Recently, Hamas seemed to surrender governance to the same Fatah they overthrew. That too has failed, and Hamas continues to rule a pariah quasi-state. The Egyptians and Gulf States have ceased funding them. The Iranians have once again befriended them but are in no position to help in any significant way. Diplomatically isolated, economically ruined (the United Nations has issued warnings about an impending humanitarian catastrophe in Gaza), power outages, overflowing sewage, and young Gazans trying to get arrested by Israel to eat: Islamic governance does not look too good.
Back to MbS in America. The steep decline in the price of oil has threatened the Saudis. This economic crutch has brought their need to modernize and diversify their economy into full focus. With the youth quake coming, MbS is in need of foreign investment. He needs to take the desert kingdom out of the fundamentalist past and into the digital, connected present. This requires hundreds of billions of dollars, hence the meetings with American financiers. At home, he is already in the process of allowing women to drive and movie theaters to operate.

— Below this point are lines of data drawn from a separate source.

section \<open>A central limit theorem for weighted Rademacher sums\<close>

lemma abs_prod_diff_le_sum:
  fixes a b :: "'i \<Rightarrow> real"
  assumes "finite I" "\<And>i. i \<in> I \<Longrightarrow> \<bar>a i\<bar> \<le> 1" "\<And>i. i \<in> I \<Longrightarrow> \<bar>b i\<bar> \<le> 1"
  shows "\<bar>(\<Prod>i\<in>I. a i) - (\<Prod>i\<in>I. b i)\<bar> \<le> (\<Sum>i\<in>I. \<bar>a i - b i\<bar>)"
  using assms
proof (induction I rule: finite_induct)
  case (insert x F)
  have prod_b: "\<bar>\<Prod>i\<in>F. b i\<bar> \<le> 1"
    using insert.prems by (simp add: abs_prod prod_le_1)
  have "(\<Prod>i\<in>insert x F. a i) - (\<Prod>i\<in>insert x F. b i)
      = a x * ((\<Prod>i\<in>F. a i) - (\<Prod>i\<in>F. b i)) + (a x - b x) * (\<Prod>i\<in>F. b i)"
    using insert.hyps by (simp add: algebra_simps)
  then have "\<bar>(\<Prod>i\<in>insert x F. a i) - (\<Prod>i\<in>insert x F. b i)\<bar>
      \<le> \<bar>a x\<bar> * \<bar>(\<Prod>i\<in>F. a i) - (\<Prod>i\<in>F. b i)\<bar> + \<bar>a x - b x\<bar> * \<bar>\<Prod>i\<in>F. b i\<bar>"
    by (metis abs_mult abs_triangle_ineq)
  also have "\<dots> \<le> 1 * \<bar>(\<Prod>i\<in>F. a i) - (\<Prod>i\<in>F. b i)\<bar> + \<bar>a x - b x\<bar> * 1"
    using insert.prems prod_b by (intro add_mono mult_mono) auto
  also have "\<dots> \<le> (\<Sum>i\<in>insert x F. \<bar>a i - b i\<bar>)"
    using insert by simp
  finally show ?case .
qed simp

It is hard to believe that Bloomberg and Blankfein will help raise billions only to see it siphoned off to the tens of thousands of mosques the Saudis have set up in Pakistan, Indonesia, and Bangladesh. That pipeline must dry up. MbS cannot think that Saudi support to destabilize the Islamic world can continue using other people’s money. Thus there is a real possibility that for the first time in decades we may see the Saudi money spigot to fundamentalists and terrorists turned off, just as was done to Hamas.
The world still has Iranian and Shia fundamentalism to deal with, but the Shia are not responsible for Al Qaeda and 9/11, Hamas, or the Taliban. The Iranian-funded Hezbollah have as of late concentrated on nearby power plays (Lebanon, Syria) and do not inspire the same global mass murder and carnage that Saudi-fueled extremism does.
Let’s hope that the Islamic world recognizes these new realities. It must dawn on Muslims everywhere that the Gazans have been led down a road to utter despair. The sight of Gazans throwing themselves into Israeli bullets is not pretty. The sight of the heir to the Saudi throne meeting with American Jews to modernize his country is groundbreaking. MbS heralds the potential for change after decades of Saudi fundamentalism and all the havoc and death it has brought. Wish him well.